Online retail sales cool down as sun shines

Online retail sales were up 9% year-on-year in July representing the slowest annual growth since January 2010, according to the latest e-retail Sales Index from trade body IMRG and consulting firm Capgemini.

Sales levels were down 2% on June's figure – the first time July's sales have dropped month-on-month in the index's 13-year history – as the UK experienced a number of weeks of hot weather. The average e-retail basket value was down 15% year-on-year.

So what does this all mean?
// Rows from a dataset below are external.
lemma doubled_nodes_shifted:
  assumes "a < b" "finite Z" "Z \<subseteq> {a<..<b}" "\<forall>z\<in>Z. z + h \<in> {a<..<b} - Z"
  shows "card (doubled_nodes a b Z h) = 2 * card Z + 2"
    and "doubled_nodes a b Z h \<subseteq> {a..b}"
    and "(\<Prod>v\<in>doubled_nodes a b Z h. g v) = g a * g b * (\<Prod>z\<in>Z. g z * g (z + h))"
proof -
  have disj: "Z \<inter> (\<lambda>z. z + h) ` Z = {}" and ab: "a \<notin> Z \<union> (\<lambda>z. z + h) ` Z" "b \<notin> Z \<union> (\<lambda>z. z + h) ` Z"
    using assms(3,4) by fastforce+
  have inj: "inj_on (\<lambda>z. z + h) Z"
    by (simp add: inj_on_def)
  show "card (doubled_nodes a b Z h) = 2 * card Z + 2"
    using assms(1,2) disj ab inj by (simp add: doubled_nodes_def card_Un_disjoint card_image)
  show "doubled_nodes a b Z h \<subseteq> {a..b}"
    using assms by (auto simp: doubled_nodes_def)
  have "(\<Prod>v\<in>Z \<union> (\<lambda>z. z + h) ` Z. g v) = (\<Prod>z\<in>Z. g z) * (\<Prod>z\<in>Z. g (z + h))"
    using assms(2) disj inj by (simp add: prod.union_disjoint prod.reindex)
  then show "(\<Prod>v\<in>doubled_nodes a b Z h. g v) = g a * g b * (\<Prod>z\<in>Z. g z * g (z + h))"
    using assms(1,2) ab by (simp add: doubled_nodes_def prod.distrib mult.assoc)
qed

lemma le_poly_lagrange_doubled_nodes:
  assumes conv: "mconvex (2 * card Z + 1) {a..b} f" and "a < b" "finite Z" "Z \<subseteq> {a<..<b}"
    and shift: "\<forall>z\<in>Z. z + h \<in> {a<..<b} - Z" and "0 < h"
    and t: "t \<in> {a<..<b}" "\<forall>z\<in>Z. h < \<bar>t - z\<bar>"
  shows "f t \<le> poly (lagrange_poly (doubled_nodes a b Z h) f) t"
proof (rule le_poly_lagrange_poly[OF conv])
  note nodes = doubled_nodes_shifted[OF assms(2-4) shift]
  show "finite (doubled_nodes a b Z h)"
    using assms(3) by (simp add: doubled_nodes_def)
  show "card (doubled_nodes a b Z h) = 2 * card Z + 1 + 1" "doubled_nodes a b Z h \<subseteq> {a..b}"
    using nodes(1,2) by simp_all
  show "t \<in> {a..b} - doubled_nodes a b Z h"
    using t \<open>0 < h\<close> by (force simp: doubled_nodes_def)
  have "(t - a) * (t - b) \<le> 0"
    using t(1) by (simp add: mult_nonneg_nonpos)
  moreover have "(t - z) * (t - (z + h)) \<ge> 0" if "z \<in> Z" for z
  proof -
    have "h < \<bar>t - z\<bar>"
      using t(2) that by blast
    then show ?thesis
      using \<open>0 < h\<close> by (cases "t > z") (auto simp: zero_le_mult_iff)
  qed
  then have "(\<Prod>z\<in>Z. (t - z) * (t - (z + h))) \<ge> 0"
    by (rule prod_nonneg)
  ultimately show "(\<Prod>v\<in>doubled_nodes a b Z h. t - v) \<le> 0"
    unfolding nodes(3) by (rule mult_nonpos_nonneg)
qed

lemma poly_lagrange_doubled_nodes_split:
  assumes "a < b" "finite Z" "Z \<subseteq> {a<..<b}" and s: "s \<in> {a<..<b} - Z"
    and shift: "\<forall>z\<in>Z. z + h \<in> {a<..<b} - insert s Z"
  shows "poly (lagrange_poly (doubled_nodes a b Z h) f) s = f s -
    (set_divdiff f (insert b (insert s Z) \<union> (\<lambda>z. z + h) ` Z)
      - set_divdiff f (insert a (insert s Z) \<union> (\<lambda>z. z + h) ` Z)) / (b - a)
    * ((s - a) * (s - b) * (\<Prod>z\<in>Z. (s - z) * (s - (z + h))))"
proof -
  define B where "B = insert s Z \<union> (\<lambda>z. z + h) ` Z"
  have "s \<notin> doubled_nodes a b Z h" "a \<notin> B" "b \<notin> B" "finite B"
    using shift s assms(2,3) by (auto simp: doubled_nodes_def B_def)
  moreover have "insert s (doubled_nodes a b Z h) = insert a (insert b B)"
    by (auto simp: doubled_nodes_def B_def)
  moreover have "(\<Prod>v\<in>doubled_nodes a b Z h. s - v) = (s - a) * (s - b) * (\<Prod>z\<in>Z. (s - z) * (s - (z + h)))"
    using doubled_nodes_shifted(3)[OF assms(1-3)] shift by blast
  ultimately show ?thesis
    using lagrange_remainder[of "doubled_nodes a b Z h" s f] set_divdiff_insert_insert[of B a b f]
      \<open>a < b\<close> by (simp add: B_def doubled_nodes_def)
qed

lemma convergent_poly_lagrange_doubled_nodes:
  assumes conv: "mconvex (2 * card Z + 1) {a..b} f" and "a < b" "finite Z" "Z \<subseteq> {a<..<b}"
    and s: "s \<in> {a<..<b} - Z"
  shows "\<exists>L. ((\<lambda>h. poly (lagrange_poly (doubled_nodes a b Z h) f) s) \<longlongrightarrow> L) (at_right 0)"
proof -
  define D where "D c h = set_divdiff f (insert c (insert s Z) \<union> (\<lambda>z. z + h) ` Z)" for c h
  define \<Omega> where "\<Omega> h = (s - a) * (s - b) * (\<Prod>z\<in>Z. (s - z) * (s - (z + h)))" for h
  have "\<exists>L. (D c \<longlongrightarrow> L) (at_right 0)" if "c \<in> {a, b}" for c
    unfolding D_def
  proof (rule set_divdiff_shift_tendsto[OF conv])
    have "c \<notin> insert s Z"
      using that s assms(4) by auto
    then show "card (insert c (insert s Z)) + card Z = 2 * card Z + 1 + 1"
      using s assms(3) by simp
  qed (use that s assms(2-4) in auto)
  then obtain La Lb where "(D a \<longlongrightarrow> La) (at_right 0)" "(D b \<longlongrightarrow> Lb) (at_right 0)"
    by blast
  moreover have "(\<Omega> \<longlongrightarrow> \<Omega> 0) (at_right 0)"
    unfolding \<Omega>_def by (intro tendsto_intros)
  ultimately have "((\<lambda>h. f s - (D b h - D a h) / (b - a) * \<Omega> h) \<longlongrightarrow> f s - (Lb - La) / (b - a) * \<Omega> 0)
      (at_right 0)"
    by (intro tendsto_intros) (use \<open>a < b\<close> in auto)
  moreover have "\<forall>\<^sub>F h in at_right 0. \<forall>z\<in>Z. z + h \<in> {a<..<b} - insert s Z"
    by (rule eventually_shift_into[OF assms(3) finite.insertI[OF assms(3)] assms(4)])
  then have "\<forall>\<^sub>F h in at_right 0. f s - (D b h - D a h) / (b - a) * \<Omega> h =
      poly (lagrange_poly (doubled_nodes a b Z h) f) s"
    by eventually_elim (simp add: poly_lagrange_doubled_nodes_split[OF assms(2-4) s] D_def \<Omega>_def)
  ultimately have "((\<lambda>h. poly (lagrange_poly (doubled_nodes a b Z h) f) s) \<longlongrightarrow>
      f s - (Lb - La) / (b - a) * \<Omega> 0) (at_right 0)"
    by (rule Lim_transform_eventually)
  then show ?thesis ..
qed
Can it just be the weather that's to blame?

Well, the hot conditions certainly will have had an impact because surveys published in recent weeks have shown that the UK retail sales on the high street were strong in July, as consumers seemingly preferred to head out to the shops, rather than sit in front of their computer screens at home.

Alex Smith-Bingham, vice president of digital and multichannel services at Capgemini Consulting's Consumer Products & Retail team, said that normal service is expected to be resumed between now and the end of the year.
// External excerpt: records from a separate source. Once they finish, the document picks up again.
(* Away from the wall {x < k0}, the horizontal coordinate of Z_1 is a random walk with increment
   law mu, which has negative mean m_1 and, by (A1) and (A2), a finite exponential moment of some
   order d > 0. Hence the horizontal Laplace transform rho = E_mu exp(t a) is below 1 for some
   small t in (0, min theta d], and V(z) = exp(t X(z)) satisfies E_y V(Z_1(1)) <= rho V(y) off
   A = {x <= max(k0 - 1, k)}, where also V >= 1. Iterating this along paths that avoid A gives
   P_(i,j)(T >= n + 2) <= rho^n E_(i,j) V(Z_1(1)), and (A2) bounds the last expectation by
   M exp(t i) <= M exp(theta i) uniformly in j. *)

lemma abs_exp_minus_one_le: "\<bar>exp u - 1\<bar> \<le> \<bar>u\<bar> * exp (max u 0)" for u :: real
proof (cases "0 \<le> u")
  case True
  have "1 - u \<le> exp (- u)" using exp_ge_add_one_self[of "- u"] by simp
  then have "(1 - u) * exp u \<le> 1" by (simp add: mult.commute exp_minus field_simps)
  then show ?thesis using True by (simp add: algebra_simps)
next
  case False
  have "u \<le> exp u - 1" using exp_ge_add_one_self[of u] by linarith
  moreover have "exp u \<le> 1" using False by simp
  ultimately show ?thesis using False by (simp add: max_def)
qed

lemma abs_exp_diff_quotient_le:
  fixes t d y :: real
  assumes t: "0 < t" "t \<le> d / 2"
  shows "\<bar>(exp (t * y) - 1) / t\<bar> \<le> \<bar>y\<bar> + 2 / d * exp (d * y)"
proof -
  have d: "0 < d" using t by linarith
  have "\<bar>(exp (t * y) - 1) / t\<bar> \<le> \<bar>t * y\<bar> * exp (max (t * y) 0) / t"
    using t abs_exp_minus_one_le[of "t * y"] by (simp add: abs_div divide_right_mono)
  also have "\<dots> = \<bar>y\<bar> * exp (max (t * y) 0)"
    using t by (simp add: abs_mult)
  also have "\<dots> \<le> \<bar>y\<bar> + 2 / d * exp (d * y)"
  proof (cases "y \<le> 0")
    case True
    then show ?thesis using d t by (simp add: max_def mult_nonneg_nonpos)
  next
    case False
    have "exp (t * y) \<le> exp (d / 2 * y)"
      using False t by (simp add: mult_right_mono)
    moreover have "d / 2 * y \<le> exp (d / 2 * y)"
      using exp_ge_add_one_self[of "d / 2 * y"] by linarith
    ultimately have "y * exp (t * y) \<le> 2 / d * exp (d / 2 * y) * exp (d / 2 * y)"
      using False d by (intro mult_mono) (auto simp: field_simps)
    also have "\<dots> = 2 / d * exp (d * y)" by (simp flip: exp_add)
    finally show ?thesis using False d t by (simp add: max_def)
  qed
  finally show ?thesis .
qed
"The warm weather encouraged shoppers to leave their homes and shop on the high street to enjoy the sunshine," he explained.

"As a result, bricks and mortar retailers saw sales rise as shoppers took advantage of seasonal promotions. Whilst this did have an impact on e-retail, the sector is still performing well, with total online sales for 2013 to-date standing at a solid 15%. I have no doubt online sales will return to high growth as we countdown to Christmas."
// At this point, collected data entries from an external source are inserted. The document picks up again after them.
(* For every finite hypergraph $H$, $\mathrm{ch}_{um}(H)\le s(H)$.
   Context: For a hypergraph $H$ with hyperedge set $\mathcal E(H)$ (nonempty hyperedges), $s(H)$ is the minimum positive integer $s$ with $|\mathcal E(H)|\le s(s-1)/2$. A coloring $C\colon V\to\mathbb Z_{>0}$ is unique-maximum if in every hyperedge the maximum color is attained by exactly one vertex. The um-choice number $\mathrm{ch}_{um}(H)$ is the minimum $k$ such that for every family $\{L_v\}_{v\in V}$ of sets of positive integers with $|L_v|\ge k$ there is a unique-maximum coloring $C$ with $C(v)\in L_v$ for all $v$. *)

theory Defs
  imports Main
begin

definition finite_hypergraph :: "'a set \<Rightarrow> 'a set set \<Rightarrow> bool" where
  "finite_hypergraph V E \<longleftrightarrow> finite V \<and> (\<forall>e\<in>E. e \<noteq> {} \<and> e \<subseteq> V)"

definition s_num :: "'a set set \<Rightarrow> nat" where
  "s_num E = (LEAST s::nat. 0 < s \<and> card E \<le> s * (s - 1) div 2)"

definition um_coloring :: "'a set \<Rightarrow> 'a set set \<Rightarrow> ('a \<Rightarrow> nat) \<Rightarrow> bool" where
  "um_coloring V E C \<longleftrightarrow> (\<forall>v\<in>V. 0 < C v) \<and>
     (\<forall>e\<in>E. \<exists>!v. v \<in> e \<and> C v = Max (C ` e))"

definition um_choosable :: "'a set \<Rightarrow> 'a set set \<Rightarrow> nat \<Rightarrow> bool" where
  "um_choosable V E k \<longleftrightarrow>
     (\<forall>L :: 'a \<Rightarrow> nat set.
        (\<forall>v\<in>V. L v \<subseteq> {0<..} \<and> (infinite (L v) \<or> k \<le> card (L v))) \<longrightarrow>
        (\<exists>C. um_coloring V E C \<and> (\<forall>v\<in>V. C v \<in> L v)))"

definition ch_um :: "'a set \<Rightarrow> 'a set set \<Rightarrow> nat" where
  "ch_um V E = (LEAST k. um_choosable V E k)"

end

theory Submission
  imports Defs
begin

(*
  Call an edge "strictly topped" by a
  colouring C if some vertex of the edge has a colour strictly larger than all other
  vertices of the edge; for finite edges this is exactly the unique-maximum property.

  Main lemma: if every list has at least k \<ge> 1 elements and |E| \<le> k(k-1)/2, the
  hypergraph has a list colouring topping every edge.  Induction on |V|:
  - a vertex u of degree < k: colour the weak deletion (u removed from every edge) by
    induction, then give u a colour of its list that avoids the maxima of the at most
    deg(u) < k shrunken edges through u;
  - all degrees \<ge> k: let c be the largest colour in all lists, attained in the list
    of u.  Delete u together with its \<ge> k edges, remove c from all lists and use
    induction with k-1, since k(k-1)/2 - k \<le> (k-1)(k-2)/2; then u gets colour c,
    which tops every edge through u.
  The theorem follows by shrinking arbitrary lists to finite lists of size s(H).
*)

definition strictly_topped :: "('a \<Rightarrow> nat) \<Rightarrow> 'a set \<Rightarrow> bool" where
  "strictly_topped C e \<longleftrightarrow> (\<exists>v\<in>e. \<forall>w\<in>e. w \<noteq> v \<longrightarrow> C w < C v)"

definition topping_list_colourable :: "'a set \<Rightarrow> 'a set set \<Rightarrow> ('a \<Rightarrow> nat set) \<Rightarrow> bool" where
  "topping_list_colourable V E L \<longleftrightarrow>
     (\<exists>C. (\<forall>v\<in>V. C v \<in> L v) \<and> (\<forall>e\<in>E. strictly_topped C e))"

definition weak_delete :: "'a \<Rightarrow> 'a set set \<Rightarrow> 'a set set" where
  "weak_delete u E = (\<lambda>e. e - {u}) ` E - {{}}"

definition strong_delete :: "'a \<Rightarrow> 'a set set \<Rightarrow> 'a set set" where
  "strong_delete u E = {e \<in> E. u \<notin> e}"

definition degree :: "'a \<Rightarrow> 'a set set \<Rightarrow> nat" where
  "degree u E = card {e \<in> E. u \<in> e}"

lemma strictly_topped_imp_unique_max:
  assumes "finite e" "strictly_topped C e"
  shows "\<exists>!v. v \<in> e \<and> C v = Max (C ` e)"
proof -
  obtain v where v: "v \<in> e" and top: "\<forall>w\<in>e. w \<noteq> v \<longrightarrow> C w < C v"
    using assms(2) unfolding strictly_topped_def by blast
  have "Max (C ` e) = C v"
    using assms(1) v top by (intro Max_eqI) (auto simp: less_imp_le)
  then show ?thesis
    using v top by (metis less_irrefl)
qed

lemma strictly_topped_update_outside:
  "u \<notin> e \<Longrightarrow> strictly_topped (C(u := x)) e \<longleftrightarrow> strictly_topped C e"
  unfolding strictly_topped_def by (metis fun_upd_other)

lemma strictly_topped_singleton: "strictly_topped C {u}"
  unfolding strictly_topped_def by simp

lemma strictly_topped_by_top_colour:
  assumes "u \<in> e" "\<forall>w\<in>e - {u}. C w < c"
  shows "strictly_topped (C(u := c)) e"
  unfolding strictly_topped_def using assms by (intro bexI[of _ u]) auto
The pace of online retail growth is widely viewed to be slowing down at some of the more established multichannel retailers, though, as the market naturally becomes more saturated – and today's results announcement does raise the question about where growth-hungry businesses operating in the sector will switch their attention in the near future.

IMRG's head of e-logistics Andrew Starkey said recently that as the exponential rise in e-tail sales experienced over the last decade does start to slow, there could be a focus on delivery efficiency and quality as retailers look to avoid unnecessary costs in the supply chain. In his big interview with Essential Retail last week, he suggested that logistics will continue to increase in importance as part of retailers' wider strategies.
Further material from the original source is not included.